Your answer should be the exact lines of the data below from the one containing "qed (use assms d0 in simp)" through the one containing "1 *\<^sub>R outer"; please include nothing else.

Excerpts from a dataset
[Start of section]

(* Let $\eta\in(0,1)$ and $\epsilon>0$. There exists $N_0$ such that for every Sawtooth model with $n\ge N_0+4$ upper particles, every $2\le r\le n-N_0$ and every $y\in[0,1]$, $$\mathbb P\Big(\bigcup_{r\le i\le r+N_0}\{X_i<\eta\}\ \Big|\ Y_{r+N_0}=y\Big)\ge1-\epsilon.$$
   Context: A (type $--$) Sawtooth model with $n\ge1$ upper particles is specified by functions $f_1,g_1,\dots,f_n,g_n:[0,1]\to[0,\infty)$, each nondecreasing, $C^1$ and not identically zero. It is the probability space $[0,1]^{n+1}\times[0,1]^n$ with probability density at $(x_1,\dots,x_{n+1},y_1,\dots,y_n)$ equal to $\frac{1}{\mathcal V}\prod_{i=1}^n\mathbf 1_{\{x_i\le y_i\}}\mathbf 1_{\{x_{i+1}\le y_i\}}f_i(y_i-x_i)\,g_i(y_i-x_{i+1})$, $\mathcal V$ being the normalizing constant; lower particles $X_1,\dots,X_{n+1}$, upper particles $Y_1,\dots,Y_n$. Conditional probabilities given $Y_j=y$ are computed from the joint density. *)

theory Defs
  imports "HOL-Analysis.Analysis"
begin

text \<open>Sawtooth model (type --) with n upper particles.
  Lower particles x 1, ..., x (n+1); upper particles y 1, ..., y n, all in [0,1].
  The weight functions are f i, g i for i in {1..n}.\<close>

definition C1_on :: "real set \<Rightarrow> (real \<Rightarrow> real) \<Rightarrow> bool" where
  "C1_on S h \<longleftrightarrow> (\<exists>h'. continuous_on S h' \<and>
      (\<forall>t\<in>S. (h has_real_derivative h' t) (at t within S)))"

definition sawtooth_model :: "nat \<Rightarrow> (nat \<Rightarrow> real \<Rightarrow> real) \<Rightarrow> (nat \<Rightarrow> real \<Rightarrow> real) \<Rightarrow> bool" where
  "sawtooth_model n f g \<longleftrightarrow> n \<ge> 1 \<and>
     (\<forall>i\<in>{1..n}.
        (\<forall>t\<in>{0..1}. f i t \<ge> 0 \<and> g i t \<ge> 0) \<and>
        mono_on {0..1} (f i) \<and> mono_on {0..1} (g i) \<and>
        C1_on {0..1} (f i) \<and> C1_on {0..1} (g i) \<and>
        (\<exists>t\<in>{0..1}. f i t \<noteq> 0) \<and> (\<exists>t\<in>{0..1}. g i t \<noteq> 0))"

text \<open>Unnormalised joint density (the normalising constant V cancels in all
  conditional probabilities).\<close>
definition sawtooth_weight ::
  "nat \<Rightarrow> (nat \<Rightarrow> real \<Rightarrow> real) \<Rightarrow> (nat \<Rightarrow> real \<Rightarrow> real) \<Rightarrow> (nat \<Rightarrow> real) \<Rightarrow> (nat \<Rightarrow> real) \<Rightarrow> real" where
  "sawtooth_weight n f g x y =
     (\<Prod>i\<in>{1..n+1}. indicator {0..1} (x i)) *
     (\<Prod>i\<in>{1..n}. indicator {0..1} (y i)) *
     (\<Prod>i\<in>{1..n}. (if x i \<le> y i \<and> x (Suc i) \<le> y i
                      then f i (y i - x i) * g i (y i - x (Suc i)) else 0))"
lemma split_level_eqI:
  assumes "x < y" "k = split_level x y"
    and "dyadic_cell k x' = dyadic_cell k x" "dyadic_cell k y' = dyadic_cell k y"
  shows "x' < y'" "split_level x' y' = k"
proof -
  have separated: "dyadic_cell k x' < dyadic_cell k y'"
    using assms dyadic_cell_split_level_less by simp
  then show "x' < y'"
    by (rule less_if_dyadic_cell_less)
  show "split_level x' y' = k"
    unfolding split_level_def
  proof (rule Least_equality)
    show "dyadic_cell k x' \<noteq> dyadic_cell k y'"
      using separated by simp
    fix j assume neq: "dyadic_cell j x' \<noteq> dyadic_cell j y'"
    show "k \<le> j"
    proof (rule ccontr)
      assume "\<not> k \<le> j"
      then have "dyadic_cell j x = dyadic_cell j y"
        using assms(2) dyadic_cell_eq_below_split_level by simp
      moreover have "dyadic_cell j x' = dyadic_cell j x" "dyadic_cell j y' = dyadic_cell j y"
        using dyadic_cell_coarsen[OF assms(3)] dyadic_cell_coarsen[OF assms(4)] \<open>\<not> k \<le> j\<close>
        by simp_all
      ultimately show False
        using neq by simp
    qed
  qed
qed

lemma split_level_same_cell:
  assumes "x < y" "k = split_level x y" "dyadic_cell k w = dyadic_cell k y"
  shows "x < w" "w < y + 1 / 2^k" "split_level x w = k"
  using split_level_eqI[OF assms(1,2) refl assms(3)] less_if_same_dyadic_cell[OF assms(3)]
  by simp_all

lemma split_level_locally_constant:
  assumes "x < y"
  obtains d where "d > 0"
    "\<And>x' y'. x \<le> x' \<Longrightarrow> x' < x + d \<Longrightarrow> y \<le> y' \<Longrightarrow> y' < y + d \<Longrightarrow>
       x' < y' \<and> split_level x' y' = split_level x y \<and>
       dyadic_cell (Suc (split_level x y)) y' = dyadic_cell (Suc (split_level x y)) y"
proof -
  define k where "k = split_level x y"
  obtain d1 where d1: "d1 > 0" "\<And>x'. x \<le> x' \<Longrightarrow> x' < x + d1 \<Longrightarrow> dyadic_cell k x' = dyadic_cell k x"
    using dyadic_cell_locally_constant by blast
  obtain d2 where d2: "d2 > 0"
    "\<And>y'. y \<le> y' \<Longrightarrow> y' < y + d2 \<Longrightarrow> dyadic_cell (Suc k) y' = dyadic_cell (Suc k) y"
    using dyadic_cell_locally_constant by blast
  show ?thesis
  proof (rule that[of "min d1 d2"])
    fix x' y' assume "x \<le> x'" "x' < x + min d1 d2" "y \<le> y'" "y' < y + min d1 d2"
    then have "dyadic_cell k x' = dyadic_cell k x"
      and y': "dyadic_cell (Suc k) y' = dyadic_cell (Suc k) y"
      using d1(2)[of x'] d2(2)[of y'] by simp_all
    moreover have "dyadic_cell k y' = dyadic_cell k y"
      using dyadic_cell_coarsen[OF y'] by simp
    ultimately show "x' < y' \<and> split_level x' y' = split_level x y \<and>
       dyadic_cell (Suc (split_level x y)) y' = dyadic_cell (Suc (split_level x y)) y"
      using split_level_eqI[OF assms k_def] unfolding k_def by blast
  qed (use d1 d2 in simp)
qed

text \<open>Points near the diagonal split only at a high level, whose cells are short.\<close>
lemma split_level_near_diagonal:
  assumes "e > 0"
  obtains d where "d > 0"
    "\<And>x' y' w. x \<le> x' \<Longrightarrow> x' < y' \<Longrightarrow> y' < x + d \<Longrightarrow>
       dyadic_cell (split_level x' y') w = dyadic_cell (split_level x' y') y' \<Longrightarrow> x' < w \<and> w < x + e"
proof -
  obtain j where j: "(1/2)^j < e / 2"
    using real_arch_pow_inv[of "e / 2" "1/2"] assms by auto
  obtain d0 where d0: "d0 > 0" "\<And>z. x \<le> z \<Longrightarrow> z < x + d0 \<Longrightarrow> dyadic_cell j z = dyadic_cell j x"
    using dyadic_cell_locally_constant by blast
  show ?thesis
  proof (rule that[of "min d0 (e / 2)"])
    fix x' y' w
    assume xy: "x \<le> x'" "x' < y'" "y' < x + min d0 (e / 2)"
      and w: "dyadic_cell (split_level x' y') w = dyadic_cell (split_level x' y') y'"
    have "dyadic_cell j x' = dyadic_cell j y'"
      using xy d0(2)[of x'] d0(2)[of y'] by simp
    then have "j < split_level x' y'"
      by (rule less_split_level[OF xy(2)])
    then have "1 / 2^split_level x' y' \<le> (1/2::real)^j"
      by (simp add: power_one_over frac_le power_increasing)
    moreover have "x' < w" "w < y' + 1 / 2^split_level x' y'"
      using split_level_same_cell[OF xy(2) refl w] by simp_all
    ultimately show "x' < w \<and> w < x + e"
      using xy j by linarith
  qed (use assms d0 in simp)
qed

definition right_half :: "nat \<Rightarrow> real \<Rightarrow> bool" where
  "right_half k z \<longleftrightarrow> odd (dyadic_cell (Suc k) z)"

text \<open>\<open>stretch k\<close> doubles each half of a level-\<open>k\<close> dyadic cell affinely onto the whole
  cell; \<open>squeeze k b\<close> maps the cell affinely onto its right (\<open>b\<close>) or left (\<open>\<not> b\<close>) half.\<close>
definition stretch :: "nat \<Rightarrow> real \<Rightarrow> real" where
  "stretch k z = (dyadic_cell k z + frac (2^Suc k * z)) / 2^k"
lemma esym_pos:
  assumes "finite N" "\<And>i. i \<in> N \<Longrightarrow> 0 \<le> x i \<and> x i \<le> 1" "sum x N = real k"
  shows "0 < esym x N k"
proof -
  define P where "P = {i \<in> N. 0 < x i}"
  have "real k = sum x P"
    unfolding assms(3)[symmetric] P_def
    by (rule sum.mono_neutral_right) (use assms in \<open>force+\<close>)
  also have "\<dots> \<le> real (card P)"
    using assms(2) sum_mono[of P x "\<lambda>_. 1"] by (simp add: P_def)
  finally obtain U where U: "U \<subseteq> P" "card U = k"
    by (meson obtain_subset_with_card_n of_nat_le_iff)
  then have "0 < (\<Prod>i\<in>U. x i)"
    by (intro prod_pos) (auto simp: P_def)
  also have "\<dots> \<le> esym x N k"
    unfolding esym_def
    by (rule member_le_sum) (use U assms in \<open>auto simp: P_def intro!: prod_nonneg\<close>)
  finally show ?thesis .
qed

lemma wdet_ones_eq_det_square:
  fixes a :: "nat \<Rightarrow> real ^ 'm::finite"
  assumes "finite T" "card T = CARD('m)"
  shows "\<exists>B :: real ^ 'm ^ 'm. wdet (\<lambda>_. 1) a T = (det B)\<^sup>2"
proof -
  obtain h where h: "bij_betw h (UNIV :: 'm set) T"
    using finite_same_card_bij[of "UNIV :: 'm set" T] assms by auto
  define B :: "real ^ 'm ^ 'm" where "B = (\<chi> r c. a (h c) $ r)"
  have "(\<Sum>i\<in>T. a i $ r * a i $ s) = (\<Sum>c\<in>UNIV. a (h c) $ r * a (h c) $ s)" for r s
    using sum.reindex_bij_betw[OF h, of "\<lambda>i. a i $ r * a i $ s"] by simp
  then have "(\<Sum>i\<in>T. 1 *\<^sub>R outer (a i)) = B ** transpose B"
    by (simp add: vec_eq_iff outer_def matrix_matrix_mult_def B_def transpose_def)
  then have "wdet (\<lambda>_. 1) a T = (det B)\<^sup>2"
    by (simp add: wdet_def det_mul det_transpose power2_eq_square)
  then show ?thesis ..
qed

lemma wdet_nonneg:
  fixes a :: "nat \<Rightarrow> real ^ 'm::finite"
  assumes "finite S" "\<And>i. i \<in> S \<Longrightarrow> 0 \<le> y i"
  shows "0 \<le> wdet y a S"
  unfolding wdet_Cauchy_Binet[OF assms(1)]
proof (intro sum_nonneg mult_nonneg_nonneg prod_nonneg)
  fix T
  assume "T \<in> {T. T \<subseteq> S \<and> card T = CARD('m)}"
  moreover from this have "finite T"
    using assms(1) by (auto dest: finite_subset)
  ultimately show "0 \<le> wdet (\<lambda>_. 1) a T"
    using wdet_ones_eq_det_square[of T a] by auto
qed (use assms(2) in auto)

lemma sum_ksubsets_prod_wdet:
  fixes a :: "nat \<Rightarrow> real ^ 'm::finite"
  assumes "finite N" "CARD('m) \<le> k"
  shows "(\<Sum>S | S \<subseteq> N \<and> card S = k. (\<Prod>i\<in>S. x i) * wdet (\<lambda>_. 1) a S) =
    (\<Sum>T | T \<subseteq> N \<and> card T = CARD('m).
       esym x (N - T) (k - CARD('m)) * (\<Prod>i\<in>T. x i) * wdet (\<lambda>_. 1) a T)"
proof -
  let ?K = "{S. S \<subseteq> N \<and> card S = k}" and ?M = "{T. T \<subseteq> N \<and> card T = CARD('m)}"
  have "(\<Prod>i\<in>S. x i) * wdet (\<lambda>_. 1) a S =
      (\<Sum>T | T \<in> ?M \<and> T \<subseteq> S. (\<Prod>i\<in>S. x i) * wdet (\<lambda>_. 1) a T)" if "S \<in> ?K" for S
  proof -
    have "finite S" "{T. T \<in> ?M \<and> T \<subseteq> S} = {T. T \<subseteq> S \<and> card T = CARD('m)}"
      using that assms(1) by (auto dest: finite_subset)
    then show ?thesis
      by (simp add: wdet_Cauchy_Binet[of S "\<lambda>_. 1"] sum_distrib_left)
  qed
  then have "(\<Sum>S\<in>?K. (\<Prod>i\<in>S. x i) * wdet (\<lambda>_. 1) a S) =
      (\<Sum>S\<in>?K. \<Sum>T | T \<in> ?M \<and> T \<subseteq> S. (\<Prod>i\<in>S. x i) * wdet (\<lambda>_. 1) a T)"
    by (rule sum.cong[OF refl])
  also have "\<dots> = (\<Sum>T\<in>?M. \<Sum>S | S \<in> ?K \<and> T \<subseteq> S. (\<Prod>i\<in>S. x i) * wdet (\<lambda>_. 1) a T)"
    by (rule sum.swap_restrict) (use assms(1) in auto)
  also have "\<dots> = (\<Sum>T\<in>?M. esym x (N - T) (k - CARD('m)) * (\<Prod>i\<in>T. x i) * wdet (\<lambda>_. 1) a T)"
    by (rule sum.cong[OF refl])
      (use assms in \<open>auto simp: sum_distrib_right[symmetric] sum_supersets_prod conj_assoc\<close>)
  finally show ?thesis .
qed

lemma esym_le_esym_complement:
  assumes "finite N" "T \<subseteq> N" "card T \<le> k" "\<And>i. i \<in> N \<Longrightarrow> 0 \<le> x i \<and> x i \<le> 1"
    and "sum x N = real k" "0 \<le> c" "c * (1 + real k / real (k - card T + 1)) \<le> 1"
  shows "c ^ card T * esym x N k \<le> esym x (N - T) (k - card T)"
proof -
  define \<rho> where "\<rho> = 1 + real k / real (k - card T + 1)"
  have union: "N - T \<union> T = N"
    using assms(2) by auto
  have "esym x N k \<le> \<rho> ^ card T * esym x (N - T) (k - card T)"
    using esym_union_le[of "N - T" T x "real k" "k - card T" \<rho> k, unfolded union]
      assms(1-5) finite_subset[OF assms(2,1)]
    by (auto simp: \<rho>_def)
  then have "c ^ card T * esym x N k \<le> (c * \<rho>) ^ card T * esym x (N - T) (k - card T)"
    using assms(6) by (simp add: power_mult_distrib mult_left_mono mult.assoc)
  also have "\<dots> \<le> esym x (N - T) (k - card T)"
    using assms(4,6,7) esym_nonneg[of "N - T" x]
    by (intro mult_left_le_one_le power_le_one) (auto simp: \<rho>_def)
  finally show ?thesis .
qed
(* Let $q\ge5$ be prime and $r,s\ge2$ integers. Then $\chi_D(LG_q\otimes K_{r,s})=r+s+1$.
   Context: Let $V=\mathbb{F}_q^3$, $\mathcal{P}$ the set of $1$-dimensional subspaces ("points") and $\mathcal{L}$ the set of $2$-dimensional subspaces ("lines") of $V$. The graph $LG_q\otimes K_{r,s}$ has vertex set $(\mathcal{P}\times[r])\sqcup(\mathcal{L}\times[s])$, where $[m]=\{1,\dots,m\}$, and for $p\in\mathcal{P}$, $l\in\mathcal{L}$, $i\in[r]$, $j\in[s]$, the vertex $(p,i)$ is adjacent to $(l,j)$ iff $p\subset l$; there are no other edges. A coloring is distinguishing if the only graph automorphism mapping every color class onto itself is the identity; $\chi_D(G)$ is the minimum number of colors of a proper distinguishing coloring of $G$. *)

theory Defs
  imports Main "HOL-Computational_Algebra.Primes"
begin

definition graph_aut :: "'v set \<Rightarrow> ('v \<Rightarrow> 'v \<Rightarrow> bool) \<Rightarrow> ('v \<Rightarrow> 'v) \<Rightarrow> bool" where
  "graph_aut V E f \<longleftrightarrow> bij_betw f V V \<and> (\<forall>u\<in>V. \<forall>v\<in>V. E u v \<longleftrightarrow> E (f u) (f v))"

definition proper_coloring :: "'v set \<Rightarrow> ('v \<Rightarrow> 'v \<Rightarrow> bool) \<Rightarrow> ('v \<Rightarrow> nat) \<Rightarrow> bool" where
  "proper_coloring V E c \<longleftrightarrow> (\<forall>u\<in>V. \<forall>v\<in>V. E u v \<longrightarrow> c u \<noteq> c v)"

definition distinguishing :: "'v set \<Rightarrow> ('v \<Rightarrow> 'v \<Rightarrow> bool) \<Rightarrow> ('v \<Rightarrow> nat) \<Rightarrow> bool" where
  "distinguishing V E c \<longleftrightarrow>
     (\<forall>f. graph_aut V E f \<and> (\<forall>v\<in>V. c (f v) = c v) \<longrightarrow> (\<forall>v\<in>V. f v = v))"

definition chi_D :: "'v set \<Rightarrow> ('v \<Rightarrow> 'v \<Rightarrow> bool) \<Rightarrow> nat" where
  "chi_D V E = (LEAST k. \<exists>c. c ` V \<subseteq> {..<k} \<and> proper_coloring V E c \<and> distinguishing V E c)"

type_synonym vec3 = "nat \<times> nat \<times> nat"

definition Vq :: "nat \<Rightarrow> vec3 set" where
  "Vq q = {0..<q} \<times> {0..<q} \<times> {0..<q}"

fun vadd :: "nat \<Rightarrow> vec3 \<Rightarrow> vec3 \<Rightarrow> vec3" where
  "vadd q (a, b, c) (d, e, f) = ((a + d) mod q, (b + e) mod q, (c + f) mod q)"

fun smul :: "nat \<Rightarrow> nat \<Rightarrow> vec3 \<Rightarrow> vec3" where
  "smul q k (a, b, c) = ((k * a) mod q, (k * b) mod q, (k * c) mod q)"

definition points :: "nat \<Rightarrow> vec3 set set" where
  "points q = {{smul q k v | k. k < q} | v. v \<in> Vq q \<and> v \<noteq> (0, 0, 0)}"

definition lines :: "nat \<Rightarrow> vec3 set set" where
  "lines q = {{vadd q (smul q a u) (smul q b w) | a b. a < q \<and> b < q} | u w.
      u \<in> Vq q \<and> w \<in> Vq q \<and>
      (\<forall>a<q. \<forall>b<q. vadd q (smul q a u) (smul q b w) = (0, 0, 0) \<longrightarrow> a = 0 \<and> b = 0)}"

type_synonym lgvert = "(vec3 set \<times> nat) + (vec3 set \<times> nat)"

definition LGK_verts :: "nat \<Rightarrow> nat \<Rightarrow> nat \<Rightarrow> lgvert set" where
  "LGK_verts q r s = Inl ` (points q \<times> {1..r}) \<union> Inr ` (lines q \<times> {1..s})"

fun LGK_adj :: "lgvert \<Rightarrow> lgvert \<Rightarrow> bool" where
  "LGK_adj (Inl (p, i)) (Inr (l, j)) = (p \<subseteq> l)"
| "LGK_adj (Inr (l, j)) (Inl (p, i)) = (p \<subseteq> l)"
| "LGK_adj _ _ = False"

end

theory Submission
  imports Defs
begin

text \<open>Upper bound: colour copy \<open>i\<close> of a point by \<open>i - 1\<close> and copy \<open>j\<close> of a line by
  \<open>r + j - 1\<close>, and use one extra colour to mark a frame of the plane. A colour-preserving
  automorphism keeps points and lines apart and permutes the copies of each vertex (they are
  twins), so it induces a collineation of \<open>PG(2, q)\<close> fixing the frame; such a collineation is
  the identity, and then the colours pin down the copies.

  Lower bound: in a distinguishing colouring the copies of a vertex, being twins, get distinct
  colours, and an incident point and line together use \<open>r + s\<close> colours. With only \<open>r + s\<close>
  colours the colour set of a point is the complement of that of any incident line, so all
  points share one colour set and all lines another. Then the collineation
  \<open>(x, y, z) \<mapsto> (y, x, z)\<close> lifts to a non-trivial colour-preserving automorphism.\<close>

section \<open>Points and lines of the projective plane over \<open>\<int>/q\<close>\<close>

definition span1 :: "nat \<Rightarrow> vec3 \<Rightarrow> vec3 set" where
  "span1 q v = {smul q k v | k. k < q}"

definition span2 :: "nat \<Rightarrow> vec3 \<Rightarrow> vec3 \<Rightarrow> vec3 set" where
  "span2 q u w = {vadd q (smul q a u) (smul q b w) | a b. a < q \<and> b < q}"

definition lin_indep :: "nat \<Rightarrow> vec3 \<Rightarrow> vec3 \<Rightarrow> bool" where
  "lin_indep q u w \<longleftrightarrow>
     (\<forall>a<q. \<forall>b<q. vadd q (smul q a u) (smul q b w) = (0, 0, 0) \<longrightarrow> a = 0 \<and> b = 0)"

[End of section]

◆ Written solution
  qed (use assms d0 in simp)
qed

definition right_half :: "nat \<Rightarrow> real \<Rightarrow> bool" where
  "right_half k z \<longleftrightarrow> odd (dyadic_cell (Suc k) z)"

text \<open>\<open>stretch k\<close> doubles each half of a level-\<open>k\<close> dyadic cell affinely onto the whole
  cell; \<open>squeeze k b\<close> maps the cell affinely onto its right (\<open>b\<close>) or left (\<open>\<not> b\<close>) half.\<close>
definition stretch :: "nat \<Rightarrow> real \<Rightarrow> real" where
  "stretch k z = (dyadic_cell k z + frac (2^Suc k * z)) / 2^k"
lemma esym_pos:
  assumes "finite N" "\<And>i. i \<in> N \<Longrightarrow> 0 \<le> x i \<and> x i \<le> 1" "sum x N = real k"
  shows "0 < esym x N k"
proof -
  define P where "P = {i \<in> N. 0 < x i}"
  have "real k = sum x P"
    unfolding assms(3)[symmetric] P_def
    by (rule sum.mono_neutral_right) (use assms in \<open>force+\<close>)
  also have "\<dots> \<le> real (card P)"
    using assms(2) sum_mono[of P x "\<lambda>_. 1"] by (simp add: P_def)
  finally obtain U where U: "U \<subseteq> P" "card U = k"
    by (meson obtain_subset_with_card_n of_nat_le_iff)
  then have "0 < (\<Prod>i\<in>U. x i)"
    by (intro prod_pos) (auto simp: P_def)
  also have "\<dots> \<le> esym x N k"
    unfolding esym_def
    by (rule member_le_sum) (use U assms in \<open>auto simp: P_def intro!: prod_nonneg\<close>)
  finally show ?thesis .
qed

lemma wdet_ones_eq_det_square:
  fixes a :: "nat \<Rightarrow> real ^ 'm::finite"
  assumes "finite T" "card T = CARD('m)"
  shows "\<exists>B :: real ^ 'm ^ 'm. wdet (\<lambda>_. 1) a T = (det B)\<^sup>2"
proof -
  obtain h where h: "bij_betw h (UNIV :: 'm set) T"
    using finite_same_card_bij[of "UNIV :: 'm set" T] assms by auto
  define B :: "real ^ 'm ^ 'm" where "B = (\<chi> r c. a (h c) $ r)"
  have "(\<Sum>i\<in>T. a i $ r * a i $ s) = (\<Sum>c\<in>UNIV. a (h c) $ r * a (h c) $ s)" for r s
    using sum.reindex_bij_betw[OF h, of "\<lambda>i. a i $ r * a i $ s"] by simp
  then have "(\<Sum>i\<in>T. 1 *\<^sub>R outer (a i)) = B ** transpose B"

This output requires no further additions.